As it continues to imbue core services with AI, Google parent Alphabet is planning to deploy $75 billion in capital in 2025. Reporting its fourth quarter and full-year 2024 financials this week, Google CEO Sundar Pichai highlighted the company’s “differentiated full-stack approach to AI innovation.” 

“Our sophisticated global network of cloud regions and datacenters provides a powerful foundation for us and our customers, directly driving revenue.” In 2024, Pichai said, Google “broke ground” on 11 new cloud regions and datacenter campuses. “Our leading infrastructure is also among the world’s most efficient. Google datacenters deliver nearly four times more computing power per unit of electricity compared to just five years ago. These efficiencies, coupled with the scalability, cost and performance we offer are why organizations increasingly choose Google Cloud’s platform.” 
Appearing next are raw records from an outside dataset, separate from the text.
(* Let $r\ge 3$ and $1\le \ell\le r-2$, let $G(r,\ell)$ be the graph obtained from $K_r\circ K_1$ by deleting $r-\ell$ leaves, and let $L$ denote the set of leaves of $G(r,\ell)$. Then $T\subseteq V(G(r,\ell))$ is a $\gamma_P$-irrelevant set of $G(r,\ell)$ if and only if $T\subseteq L$.
   Context: $K_r\circ K_1$ is the corona: $K_r$ with one pendant leaf attached to each vertex. Zero forcing: starting with a set $S$ of blue vertices, a blue vertex $v$ may turn blue a white vertex $w$ if $w$ is the only white neighbor of $v$; $S$ is a zero forcing set if repeated application colors all vertices blue. A set $S\subseteq V(G)$ is a power dominating set if its closed neighborhood $N[S]=\bigcup_{x\in S}(\{x\}\cup N(x))$ is a zero forcing set of $G$. A vertex is $\gamma_P$-irrelevant if it belongs to no minimal (under inclusion) power dominating set; a set is $\gamma_P$-irrelevant if all its vertices are. *)

theory Defs
  imports Main
begin

(* A graph is given by a vertex set V and a symmetric irreflexive adjacency relation E. *)

definition nbhd :: "'a set \<Rightarrow> ('a \<Rightarrow> 'a \<Rightarrow> bool) \<Rightarrow> 'a \<Rightarrow> 'a set" where
  "nbhd V E v = {u \<in> V. E v u}"

inductive_set zf_closure :: "'a set \<Rightarrow> ('a \<Rightarrow> 'a \<Rightarrow> bool) \<Rightarrow> 'a set \<Rightarrow> 'a set"
  for V E S where
  init: "x \<in> S \<Longrightarrow> x \<in> V \<Longrightarrow> x \<in> zf_closure V E S"
| force: "v \<in> zf_closure V E S \<Longrightarrow> w \<in> nbhd V E v \<Longrightarrow>
          (\<forall>u \<in> nbhd V E v - {w}. u \<in> zf_closure V E S) \<Longrightarrow> w \<in> zf_closure V E S"

definition zero_forcing_set :: "'a set \<Rightarrow> ('a \<Rightarrow> 'a \<Rightarrow> bool) \<Rightarrow> 'a set \<Rightarrow> bool" where
  "zero_forcing_set V E S \<longleftrightarrow> S \<subseteq> V \<and> zf_closure V E S = V"

definition closed_nbhd_set :: "'a set \<Rightarrow> ('a \<Rightarrow> 'a \<Rightarrow> bool) \<Rightarrow> 'a set \<Rightarrow> 'a set" where
  "closed_nbhd_set V E S = (\<Union>x\<in>S. {x} \<union> nbhd V E x)"

definition power_dominating_set :: "'a set \<Rightarrow> ('a \<Rightarrow> 'a \<Rightarrow> bool) \<Rightarrow> 'a set \<Rightarrow> bool" where
  "power_dominating_set V E S \<longleftrightarrow> S \<subseteq> V \<and> zero_forcing_set V E (closed_nbhd_set V E S)"

definition minimal_pds :: "'a set \<Rightarrow> ('a \<Rightarrow> 'a \<Rightarrow> bool) \<Rightarrow> 'a set \<Rightarrow> bool" where
  "minimal_pds V E S \<longleftrightarrow> power_dominating_set V E S \<and>
     (\<forall>S'. S' \<subset> S \<longrightarrow> \<not> power_dominating_set V E S')"

definition gammaP_irrelevant_vertex :: "'a set \<Rightarrow> ('a \<Rightarrow> 'a \<Rightarrow> bool) \<Rightarrow> 'a \<Rightarrow> bool" where
  "gammaP_irrelevant_vertex V E v \<longleftrightarrow> v \<in> V \<and> \<not> (\<exists>S. minimal_pds V E S \<and> v \<in> S)"

definition gammaP_irrelevant_set :: "'a set \<Rightarrow> ('a \<Rightarrow> 'a \<Rightarrow> bool) \<Rightarrow> 'a set \<Rightarrow> bool" where
  "gammaP_irrelevant_set V E T \<longleftrightarrow> T \<subseteq> V \<and> (\<forall>v\<in>T. gammaP_irrelevant_vertex V E v)"

(* G(r,l): K_r on vertices Inl 0..Inl (r-1); leaves Inr i attached to Inl i for i < l
   (i.e. K_r o K_1 with the r - l leaves of Inl l, ..., Inl (r-1) deleted). *)
definition G_V :: "nat \<Rightarrow> nat \<Rightarrow> (nat + nat) set" where
  "G_V r l = Inl ` {..<r} \<union> Inr ` {..<l}"

fun G_E :: "nat \<Rightarrow> nat \<Rightarrow> (nat + nat) \<Rightarrow> (nat + nat) \<Rightarrow> bool" where
  "G_E r l (Inl i) (Inl j) \<longleftrightarrow> i < r \<and> j < r \<and> i \<noteq> j"
| "G_E r l (Inl i) (Inr j) \<longleftrightarrow> i = j \<and> j < l"
| "G_E r l (Inr i) (Inl j) \<longleftrightarrow> i = j \<and> i < l"
| "G_E r l (Inr i) (Inr j) \<longleftrightarrow> False"

definition G_leaves :: "nat \<Rightarrow> nat \<Rightarrow> (nat + nat) set" where
  "G_leaves r l = Inr ` {..<l}"

end

theory Submission
  imports Defs
begin

text \<open>Each clique vertex of \<open>G(r,\<ell>)\<close> alone is a power dominating set: its closed
  neighbourhood is the whole clique, after which every clique vertex forces its leaf.
  Hence every minimal power dominating set containing a clique vertex is that singleton.
  A set of leaves is never power dominating, because the at least two leafless clique
  vertices form a fort, i.e. a nonempty vertex set that no outside vertex has exactly one
  neighbour in, and zero forcing cannot enter a fort from outside. So the minimal power
  dominating sets are exactly the clique singletons and no leaf lies in any of them.\<close>

definition fort :: "'a set \<Rightarrow> ('a \<Rightarrow> 'a \<Rightarrow> bool) \<Rightarrow> 'a set \<Rightarrow> bool" where
  "fort V E F \<longleftrightarrow> F \<noteq> {} \<and> F \<subseteq> V \<and>
     (\<forall>v\<in>V - F. \<forall>w\<in>nbhd V E v \<inter> F. \<exists>u\<in>nbhd V E v \<inter> F. u \<noteq> w)"

lemma zf_closure_subset: "zf_closure V E S \<subseteq> V"
  by (auto elim: zf_closure.cases simp: nbhd_def)

lemma zf_closure_empty: "zf_closure V E {} = {}"
proof -
  have "x \<notin> zf_closure V E {}" for x
  proof
    assume "x \<in> zf_closure V E {}"
    then show False by (induction rule: zf_closure.induct) auto
  qed
  then show ?thesis by blast
qed

lemma zf_closure_disjoint_fort:
  assumes "fort V E F" and "S \<inter> F = {}"
  shows "zf_closure V E S \<inter> F = {}"
proof -
  have "x \<notin> F" if "x \<in> zf_closure V E S" for x
    using that
  proof (induction rule: zf_closure.induct)
    case (init x)
    then show ?case using assms(2) by blast
  next
    case (force v w)
    have "v \<in> V - F" using force.hyps(1) force.IH(1) zf_closure_subset[of V E S] by blast
    show ?case
    proof
      assume "w \<in> F"
      then have "w \<in> nbhd V E v \<inter> F" using force.hyps(2) by blast
      then obtain u where "u \<in> nbhd V E v \<inter> F" "u \<noteq> w"
        using assms(1) \<open>v \<in> V - F\<close> unfolding fort_def by blast
      then show False using force.IH(2) by blast
    qed
  qed
  then show ?thesis by blast
qed

lemma not_power_dominating_set_if_fort:
  assumes "fort V E F" and "closed_nbhd_set V E S \<inter> F = {}"
  shows "\<not> power_dominating_set V E S"
proof
  assume "power_dominating_set V E S"
  then have "zf_closure V E (closed_nbhd_set V E S) = V"
    by (simp add: power_dominating_set_def zero_forcing_set_def)
  then have "V \<inter> F = {}"
    using zf_closure_disjoint_fort[OF assms] by simp
  moreover have "F \<noteq> {}" "F \<subseteq> V"
    using assms(1) by (simp_all add: fort_def)
  ultimately show False by blast
qed

lemma not_power_dominating_set_empty:
  assumes "V \<noteq> {}"
  shows "\<not> power_dominating_set V E {}"
  using assms
  by (simp add: power_dominating_set_def zero_forcing_set_def closed_nbhd_set_def
      zf_closure_empty)

lemma minimal_pds_singleton:
  assumes "V \<noteq> {}" and "power_dominating_set V E {v}"
  shows "minimal_pds V E {v}"
proof -
  have "\<not> power_dominating_set V E S'" if "S' \<subset> {v}" for S'
  proof -
    have "S' = {}" using that by blast
    then show ?thesis using not_power_dominating_set_empty[OF assms(1)] by simp
  qed
  then show ?thesis
    using assms(2) by (simp add: minimal_pds_def)
qed

lemma minimal_pds_eq_singleton:
  assumes "minimal_pds V E S" and "v \<in> S" and "power_dominating_set V E {v}"
  shows "S = {v}"
proof (rule ccontr)
  assume "S \<noteq> {v}"
  then have "{v} \<subset> S" using assms(2) by blast
  then show False using assms(1,3) by (simp add: minimal_pds_def)
qed

lemma G_nbhd_Inl:
  assumes "i < r"
  shows "nbhd (G_V r l) (G_E r l) (Inl i) =
    Inl ` ({..<r} - {i}) \<union> (if i < l then {Inr i} else {})"
  using assms by (auto simp: nbhd_def G_V_def elim: G_E.elims)

lemma power_dominating_set_G_Inl:
  assumes "i < r" and "l \<le> r"
  shows "power_dominating_set (G_V r l) (G_E r l) {Inl i}"
proof -
  let ?V = "G_V r l" and ?E = "G_E r l"
  let ?N = "closed_nbhd_set ?V ?E {Inl i}"
  have N_eq: "?N = insert (Inl i) (nbhd ?V ?E (Inl i))"
    by (simp add: closed_nbhd_set_def)
  have "Inl i \<in> ?V" using assms(1) by (simp add: G_V_def)
  then have N_sub_V: "?N \<subseteq> ?V"
    unfolding N_eq by (auto simp: nbhd_def)
  have "Inl ` {..<r} \<subseteq> ?N"
    unfolding N_eq using assms(1) by (auto simp: G_nbhd_Inl)
  then have clique_blue: "Inl ` {..<r} \<subseteq> zf_closure ?V ?E ?N"
    by (auto simp: G_V_def intro: zf_closure.init)
  have leaf_blue: "Inr j \<in> zf_closure ?V ?E ?N" if "j < l" for j
  proof (rule zf_closure.force[where v = "Inl j"])
    have "j < r" using that assms(2) by simp
    then show "Inl j \<in> zf_closure ?V ?E ?N" using clique_blue by auto
    show "Inr j \<in> nbhd ?V ?E (Inl j)" using that by (simp add: nbhd_def G_V_def)
    show "\<forall>u\<in>nbhd ?V ?E (Inl j) - {Inr j}. u \<in> zf_closure ?V ?E ?N"
      using clique_blue \<open>j < r\<close> by (auto simp: G_nbhd_Inl)
  qed
  have "?V \<subseteq> zf_closure ?V ?E ?N"
    using clique_blue leaf_blue unfolding G_V_def by blast
  then have "zf_closure ?V ?E ?N = ?V"
    by (rule subset_antisym[OF zf_closure_subset])
  then show ?thesis
    using assms N_sub_V \<open>Inl i \<in> ?V\<close>
    by (simp add: power_dominating_set_def zero_forcing_set_def)
qed

lemma fort_G_leafless:
  assumes "l + 2 \<le> r"
  shows "fort (G_V r l) (G_E r l) (Inl ` {l..<r})"
  unfolding fort_def
proof (intro conjI ballI)
  show "Inl ` {l..<r} \<noteq> {}" and "Inl ` {l..<r} \<subseteq> G_V r l"
    using assms by (auto simp: G_V_def)
next
  fix v w
  assume "v \<in> G_V r l - Inl ` {l..<r}"
    and "w \<in> nbhd (G_V r l) (G_E r l) v \<inter> Inl ` {l..<r}"
  then obtain j k where "v = Inl j" "j < l" "w = Inl k" "l \<le> k"
    by (auto simp: G_V_def nbhd_def inj_image_mem_iff elim: G_E.elims)
  then have "Inl (if k = l then l + 1 else l) \<in> nbhd (G_V r l) (G_E r l) v \<inter> Inl ` {l..<r} - {w}"
    using assms by (auto simp: G_V_def nbhd_def)
  then show "\<exists>u\<in>nbhd (G_V r l) (G_E r l) v \<inter> Inl ` {l..<r}. u \<noteq> w"
    by blast
qed

lemma not_power_dominating_set_G_leaves:
  assumes "l + 2 \<le> r" and "S \<subseteq> G_leaves r l"
  shows "\<not> power_dominating_set (G_V r l) (G_E r l) S"
proof (rule not_power_dominating_set_if_fort[OF fort_G_leafless[OF assms(1)]])
  have "x \<in> Inr ` {..<l} \<union> Inl ` {..<l}" if x: "x \<in> closed_nbhd_set (G_V r l) (G_E r l) S" for x
  proof -
    obtain j where "j < l" "x = Inr j \<or> x \<in> nbhd (G_V r l) (G_E r l) (Inr j)"
      using x assms(2) by (auto simp: closed_nbhd_set_def G_leaves_def)
    then show ?thesis by (auto simp: nbhd_def elim: G_E.elims)
  qed
  then show "closed_nbhd_set (G_V r l) (G_E r l) S \<inter> Inl ` {l..<r} = {}"
    by fastforce
qed

lemma minimal_pds_G_iff:
  assumes "l + 2 \<le> r"
  shows "minimal_pds (G_V r l) (G_E r l) S \<longleftrightarrow> (\<exists>i<r. S = {Inl i})"
proof
  assume min: "minimal_pds (G_V r l) (G_E r l) S"
  then have "S \<subseteq> G_V r l"
    by (simp add: minimal_pds_def power_dominating_set_def)
  show "\<exists>i<r. S = {Inl i}"
  proof (cases "S \<subseteq> G_leaves r l")
    case True
    then show ?thesis
      using min not_power_dominating_set_G_leaves[OF assms] by (simp add: minimal_pds_def)
  next
    case False
    then obtain i where "i < r" and i_in_S: "Inl i \<in> S"
      using \<open>S \<subseteq> G_V r l\<close> unfolding G_V_def G_leaves_def by blast
    moreover have "power_dominating_set (G_V r l) (G_E r l) {Inl i}"
      using \<open>i < r\<close> assms by (simp add: power_dominating_set_G_Inl)
    ultimately show ?thesis
      using minimal_pds_eq_singleton[OF min i_in_S] by blast
  qed
next
  assume "\<exists>i<r. S = {Inl i}"
  then obtain i where "i < r" "S = {Inl i}" by blast
  moreover have "G_V r l \<noteq> {}"
    using \<open>i < r\<close> by (auto simp: G_V_def)
  moreover have "power_dominating_set (G_V r l) (G_E r l) {Inl i}"
    using \<open>i < r\<close> assms by (simp add: power_dominating_set_G_Inl)
  ultimately show "minimal_pds (G_V r l) (G_E r l) S"
    by (simp add: minimal_pds_singleton)
qed

lemma gammaP_irrelevant_vertex_G_iff:
  assumes "l + 2 \<le> r"
  shows "gammaP_irrelevant_vertex (G_V r l) (G_E r l) v \<longleftrightarrow> v \<in> G_leaves r l"
proof -
  have "(\<exists>S. minimal_pds (G_V r l) (G_E r l) S \<and> v \<in> S) \<longleftrightarrow> (\<exists>i<r. v = Inl i)"
    using minimal_pds_G_iff[OF assms] by auto
  then show ?thesis
    by (auto simp: gammaP_irrelevant_vertex_def G_V_def G_leaves_def)
qed

theorem proposition2p21:
  fixes r l :: nat and T :: "(nat + nat) set"
  assumes "r \<ge> 3" and "1 \<le> l" and "l \<le> r - 2"
    and "T \<subseteq> G_V r l"
  shows "gammaP_irrelevant_set (G_V r l) (G_E r l) T \<longleftrightarrow> T \<subseteq> G_leaves r l"
proof -
  have "l + 2 \<le> r" using assms(1,3) by linarith
  then show ?thesis
    using assms(4) by (auto simp: gammaP_irrelevant_set_def gammaP_irrelevant_vertex_G_iff)
qed

end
Looking at business unit results, Google Cloud revenues were up 30% to $12 billion compared to the year-ago quarter. In response to a question, CFO Anat Ashkenazi addressed quarter-over-quarter deceleration in cloud revenue growth. “We do see and have been seeing very strong demand for our AI products in the fourth quarter in 2024. And we exited the year with more demand than we had available capacity. So, we are in a tight supply/demand situation, working very hard to bring more capacity online…We’ll bring more capacity throughout the year.” 

In response to a question about AI training and inference demands, against the backdrop of DeepSeek’s market entry, and what it all means for Google, Pichai said the company is in a good position. “There’s frontier model development, but you can drive a lot of efficiency to serve these models really, really well..We lead this period of frontier.” 
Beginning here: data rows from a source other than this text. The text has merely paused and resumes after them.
(* Let $R\ge1$, $\mathbf{x}$ a vector of pairwise distinct reals, $\mathbf{c}\in\mathbb{R}^R$, $B=B(\mathbf{x},\mathbf{c})$, and let $\mathbf{u}=\mathbf{v}+i\mathbf{w}$ (with $\mathbf{v},\mathbf{w}\in\mathbb{R}^R$) be an eigenvector of $B$ for the eigenvalue $i\mu$, $\mu\in\mathbb{R}$. Then for every $1\le n\le R$, $$\mu^2v_n^2=\sum_{m=1}^R b_{n,m}^2w_m^2+2c_n^2\sum_{\substack{1\le m\le R\\ m\ne n}} a_{n,m}\,w_m\,(\mu v_m-b_{m,n}w_n).$$ Moreover, if $\mu\ne0$ then $\Vert\mathbf{v}\Vert=\Vert\mathbf{w}\Vert$; if $\mu=0$ then $\det B=0$ and the kernel of $B$ contains a nonzero real vector.
   Context: $a_{m,m}=0$ and $a_{m,n}=\frac{1}{x_m-x_n}$ for $m\ne n$; $B(\mathbf{x},\mathbf{c})$ is the $R\times R$ matrix with entries $b_{m,n}=c_mc_na_{m,n}$. $\Vert\cdot\Vert$ is the Euclidean norm. *)

theory Defs
  imports "HOL-Analysis.Analysis"
begin

definition Amat :: "real ^ 'n \<Rightarrow> real ^ 'n ^ 'n" where
  "Amat x = (\<chi> m n. if m = n then 0 else 1 / (x $ m - x $ n))"

definition Bmat :: "real ^ 'n \<Rightarrow> real ^ 'n \<Rightarrow> real ^ 'n ^ 'n" where
  "Bmat x c = (\<chi> m n. c $ m * c $ n * Amat x $ m $ n)"

definition cmat :: "real ^ 'n ^ 'm \<Rightarrow> complex ^ 'n ^ 'm" where
  "cmat M = (\<chi> i j. complex_of_real (M $ i $ j))"

end

theory Submission
  imports Defs
begin

text \<open>Splitting \<open>B u = i\<mu> u\<close> into real and imaginary parts gives \<open>B w = \<mu> v\<close> and
  \<open>B v = -\<mu> w\<close>. Since \<open>B\<close> is skew-symmetric, \<open>\<mu> \<parallel>v\<parallel>\<^sup>2 = v \<bullet> B w = -(B v) \<bullet> w = \<mu> \<parallel>w\<parallel>\<^sup>2\<close>,
  and for \<open>\<mu> = 0\<close> one of \<open>v\<close>, \<open>w\<close> is a nonzero real kernel vector. The row identity comes from
  squaring \<open>\<mu> v\<^sub>n = \<Sum>\<^sub>m b\<^sub>n\<^sub>m w\<^sub>m\<close>: the off-diagonal products \<open>b\<^sub>n\<^sub>m b\<^sub>n\<^sub>k\<close> are rewritten by the
  partial fraction identity \<open>a\<^sub>n\<^sub>m a\<^sub>n\<^sub>k = a\<^sub>n\<^sub>m a\<^sub>m\<^sub>k + a\<^sub>n\<^sub>k a\<^sub>k\<^sub>m\<close>, after which the inner sums over
  \<open>k\<close> are again rows of \<open>B w = \<mu> v\<close>.\<close>

lemma cmat_eigenvector_re_im:
  fixes M :: "real ^ 'n ^ 'n" and u :: "complex ^ 'n"
  assumes eig: "cmat M *v u = (\<i> * complex_of_real \<mu>) *s u"
    and u_vw: "\<And>i. u $ i = complex_of_real (v $ i) + \<i> * complex_of_real (w $ i)"
  shows "M *v w = \<mu> *s v" and "M *v v = - \<mu> *s w"
proof -
  have row: "(\<Sum>j\<in>UNIV. complex_of_real (M $ i $ j) * u $ j) = \<i> * complex_of_real \<mu> * u $ i" for i
    using arg_cong[OF eig, of "\<lambda>y. y $ i"] by (simp add: matrix_vector_mult_def cmat_def)
  show "M *v w = \<mu> *s v"
    unfolding vec_eq_iff
  proof
    show "(M *v w) $ i = (\<mu> *s v) $ i" for i
      using arg_cong[OF row[of i], of Im] by (simp add: matrix_vector_mult_def u_vw Im_sum)
  qed
  show "M *v v = - \<mu> *s w"
    unfolding vec_eq_iff
  proof
    show "(M *v v) $ i = (- \<mu> *s w) $ i" for i
      using arg_cong[OF row[of i], of Re] by (simp add: matrix_vector_mult_def u_vw Re_sum)
  qed
qed

lemma skew_symmetric_eigenpair_norm_eq:
  fixes M :: "real ^ 'n ^ 'n"
  assumes skew: "transpose M = - M"
    and Mw: "M *v w = \<mu> *s v" and Mv: "M *v v = - \<mu> *s w" and "\<mu> \<noteq> 0"
  shows "norm v = norm w"
proof -
  have "v v* M = (- M) *v v"
    by (metis skew transpose_matrix_vector)
  also have "\<dots> = - (M *v v)"
    by (simp add: vec_eq_iff matrix_vector_mult_def sum_negf)
  finally have Mt: "v v* M = - (M *v v)" .
  have "\<mu> * (v \<bullet> v) = v \<bullet> (M *v w)"
    by (simp add: Mw scalar_mult_eq_scaleR)
  also have "\<dots> = (transpose M *v v) \<bullet> w"
    by (simp add: dot_lmul_matrix[symmetric])
  also have "\<dots> = \<mu> * (w \<bullet> w)"
    by (simp add: Mt Mv scalar_mult_eq_scaleR)
  finally show ?thesis
    using \<open>\<mu> \<noteq> 0\<close> by (simp add: norm_eq_sqrt_inner)
qed

lemma transpose_Bmat: "transpose (Bmat x c) = - Bmat x c"
  by (simp add: vec_eq_iff transpose_def Bmat_def Amat_def divide_simps) (auto simp: field_simps)

lemma Amat_partial_fractions:
  assumes x: "inj (($) x)" and "m \<noteq> n" "k \<noteq> n" "m \<noteq> k"
  shows "Amat x $ n $ m * Amat x $ n $ k
           = Amat x $ n $ m * Amat x $ m $ k + Amat x $ n $ k * Amat x $ k $ m"
proof -
  have "x $ n - x $ m \<noteq> 0" "x $ n - x $ k \<noteq> 0" "x $ m - x $ k \<noteq> 0" "x $ k - x $ m \<noteq> 0"
    using assms by (auto dest: injD)
  then show ?thesis
    using assms by (simp add: Amat_def divide_simps) (simp add: algebra_simps)
qed

text \<open>The case distinctions make the identity hold for all \<open>m\<close>, \<open>k\<close>, including the degenerate
  ones where the partial fraction identity fails, so that it can be summed over \<open>UNIV \<times> UNIV\<close>.\<close>

lemma Bmat_row_product:
  assumes x: "inj (($) x)"
  shows "Bmat x c $ n $ m * Bmat x c $ n $ k
           = (if m = k then (Bmat x c $ n $ m)\<^sup>2 else 0)
             + (c $ n)\<^sup>2 * (if k = n then 0 else Amat x $ n $ m * Bmat x c $ m $ k)
             + (c $ n)\<^sup>2 * (if m = n then 0 else Amat x $ n $ k * Bmat x c $ k $ m)"
proof (cases "m = k \<or> m = n \<or> k = n")
  case True
  then show ?thesis
    by (auto simp: Bmat_def Amat_def power2_eq_square field_simps)
next
  case False
  then have "Bmat x c $ n $ m * Bmat x c $ n $ k
      = (c $ n)\<^sup>2 * c $ m * c $ k * (Amat x $ n $ m * Amat x $ n $ k)"
    by (simp add: Bmat_def power2_eq_square)
  also have "\<dots> = (c $ n)\<^sup>2 * c $ m * c $ k
                    * (Amat x $ n $ m * Amat x $ m $ k + Amat x $ n $ k * Amat x $ k $ m)"
    using False Amat_partial_fractions[OF x, of m n k] by simp
  finally show ?thesis
    using False by (simp add: Bmat_def algebra_simps)
qed

lemma Bmat_eigen_row_identity:
  assumes x: "inj (($) x)" and Bw: "Bmat x c *v w = \<mu> *s v"
  shows "\<mu>\<^sup>2 * (v $ n)\<^sup>2 =
           (\<Sum>m\<in>UNIV. (Bmat x c $ n $ m)\<^sup>2 * (w $ m)\<^sup>2)
           + 2 * (c $ n)\<^sup>2 * (\<Sum>m\<in>UNIV - {n}. Amat x $ n $ m * w $ m *
                (\<mu> * v $ m - Bmat x c $ m $ n * w $ n))"
proof -
  let ?A = "Amat x" and ?B = "Bmat x c"
  have row: "(\<Sum>k\<in>UNIV. ?B $ m $ k * w $ k) = \<mu> * v $ m" for m
    using Bw by (simp add: vec_eq_iff matrix_vector_mult_def)
  have row_off_n: "(\<Sum>k\<in>UNIV. if k = n then 0 else ?B $ m $ k * w $ k)
                     = \<mu> * v $ m - ?B $ m $ n * w $ n" for m
    using row[of m] by (simp add: sum.If_cases Compl_eq_Diff_UNIV sum_diff1)
  define T where "T = (\<Sum>m\<in>UNIV. \<Sum>k\<in>UNIV.
                        (c $ n)\<^sup>2 * (if k = n then 0 else ?A $ n $ m * ?B $ m $ k) * (w $ m * w $ k))"
  have T_swap: "(\<Sum>m\<in>UNIV. \<Sum>k\<in>UNIV.
                   (c $ n)\<^sup>2 * (if m = n then 0 else ?A $ n $ k * ?B $ k $ m) * (w $ m * w $ k)) = T"
    unfolding T_def by (subst sum.swap) (simp add: mult_ac)
  have "\<mu>\<^sup>2 * (v $ n)\<^sup>2 = (\<Sum>m\<in>UNIV. ?B $ n $ m * w $ m)\<^sup>2"
    by (simp add: row power_mult_distrib)
  also have "\<dots> = (\<Sum>m\<in>UNIV. \<Sum>k\<in>UNIV. (?B $ n $ m * ?B $ n $ k) * (w $ m * w $ k))"
    by (simp add: power2_eq_square sum_product algebra_simps)
  also have "\<dots> = (\<Sum>m\<in>UNIV. (?B $ n $ m)\<^sup>2 * (w $ m)\<^sup>2) + T + T"
    unfolding Bmat_row_product[OF x] distrib_right sum.distrib T_swap
    by (simp add: T_def power2_eq_square if_distrib if_distribR)
  also have "T = (\<Sum>m\<in>UNIV. (c $ n)\<^sup>2 * ?A $ n $ m * w $ m
                    * (\<Sum>k\<in>UNIV. if k = n then 0 else ?B $ m $ k * w $ k))"
    unfolding T_def sum_distrib_left by (intro sum.cong refl) simp
  also have "\<dots> = (c $ n)\<^sup>2 * (\<Sum>m\<in>UNIV. ?A $ n $ m * w $ m * (\<mu> * v $ m - ?B $ m $ n * w $ n))"
    by (simp add: row_off_n sum_distrib_left mult_ac)
  also have "\<dots> = (c $ n)\<^sup>2 * (\<Sum>m\<in>UNIV - {n}. ?A $ n $ m * w $ m * (\<mu> * v $ m - ?B $ m $ n * w $ n))"
    by (simp add: sum.remove[of UNIV n] Amat_def)
  finally show ?thesis
    by simp
qed

lemma det_eq_0_if_nontrivial_kernel:
  fixes A :: "real ^ 'n ^ 'n"
  assumes "z \<noteq> 0" and "A *v z = 0"
  shows "det A = 0"
proof (rule ccontr)
  assume "det A \<noteq> 0"
  then have "inj ((*v) A)"
    using invertible_det_nz inj_matrix_vector_mult by blast
  with assms show False
    by (metis injD matrix_vector_mult_0_right)
qed

theorem lemma6:
  fixes x c v w :: "real ^ 'n" and u :: "complex ^ 'n" and \<mu> :: real
  assumes distinct: "inj (\<lambda>i. x $ i)"
    and u_nz: "u \<noteq> 0"
    and eig: "cmat (Bmat x c) *v u = (\<i> * complex_of_real \<mu>) *s u"
    and u_vw: "\<And>i. u $ i = complex_of_real (v $ i) + \<i> * complex_of_real (w $ i)"
  shows "(\<forall>n. \<mu>\<^sup>2 * (v $ n)\<^sup>2 =
              (\<Sum>m\<in>UNIV. (Bmat x c $ n $ m)\<^sup>2 * (w $ m)\<^sup>2)
              + 2 * (c $ n)\<^sup>2 * (\<Sum>m\<in>UNIV - {n}. Amat x $ n $ m * w $ m *
                   (\<mu> * v $ m - Bmat x c $ m $ n * w $ n)))
         \<and> (\<mu> \<noteq> 0 \<longrightarrow> norm v = norm w)
         \<and> (\<mu> = 0 \<longrightarrow> det (Bmat x c) = 0 \<and> (\<exists>z :: real ^ 'n. z \<noteq> 0 \<and> Bmat x c *v z = 0))"
proof (intro conjI impI)
  have Bw: "Bmat x c *v w = \<mu> *s v" and Bv: "Bmat x c *v v = - \<mu> *s w"
    using cmat_eigenvector_re_im[OF eig u_vw] by auto
  show "\<forall>n. \<mu>\<^sup>2 * (v $ n)\<^sup>2 =
              (\<Sum>m\<in>UNIV. (Bmat x c $ n $ m)\<^sup>2 * (w $ m)\<^sup>2)
              + 2 * (c $ n)\<^sup>2 * (\<Sum>m\<in>UNIV - {n}. Amat x $ n $ m * w $ m *
                   (\<mu> * v $ m - Bmat x c $ m $ n * w $ n))"
    using Bmat_eigen_row_identity[OF distinct Bw] by blast
  show "norm v = norm w" if "\<mu> \<noteq> 0"
    using skew_symmetric_eigenpair_norm_eq[OF transpose_Bmat Bw Bv that] .
  assume "\<mu> = 0"
  moreover have "v \<noteq> 0 \<or> w \<noteq> 0"
    using u_nz by (auto simp: vec_eq_iff u_vw)
  ultimately show "\<exists>z. z \<noteq> 0 \<and> Bmat x c *v z = 0"
    using Bv Bw by auto
  then show "det (Bmat x c) = 0"
    using det_eq_0_if_nontrivial_kernel by blast
qed

end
He continued: “I think a lot of it is our strength of the full stack development, end-to-end optimization, our obsession with cost per query…If you look at the trajectory over the past three years, the proportion of spend toward inference compared to training has been increasing which is good because, obviously, inferences to support businesses with good ROIC…I think that trend is good.” 

In sum, Pichai said, “I think part of the reason we are so excited about the AI opportunity is, we know we can drive extraordinary use cases because the cost of actually using it is going to keep coming down, which will make more use cases feasible. And that’s the opportunity space. It’s as big as it comes, and that’s why you’re seeing us invest to meet that moment.” 

For context, and setting aside the DeepSeek-driven tech sell-off, AI infrastructure investment isn’t slowing down. Google guided at $75 billion in 2025 capex, Microsoft and Meta are both planning to spend north of $60 billion this year, and Amazon, which will provide updated financial tomorrow, will likely guide in a similar range. So between four companies, albeit four of the biggest companies in the world, that’s a quarter trillion dollar on AI infrastructure investment in 2025.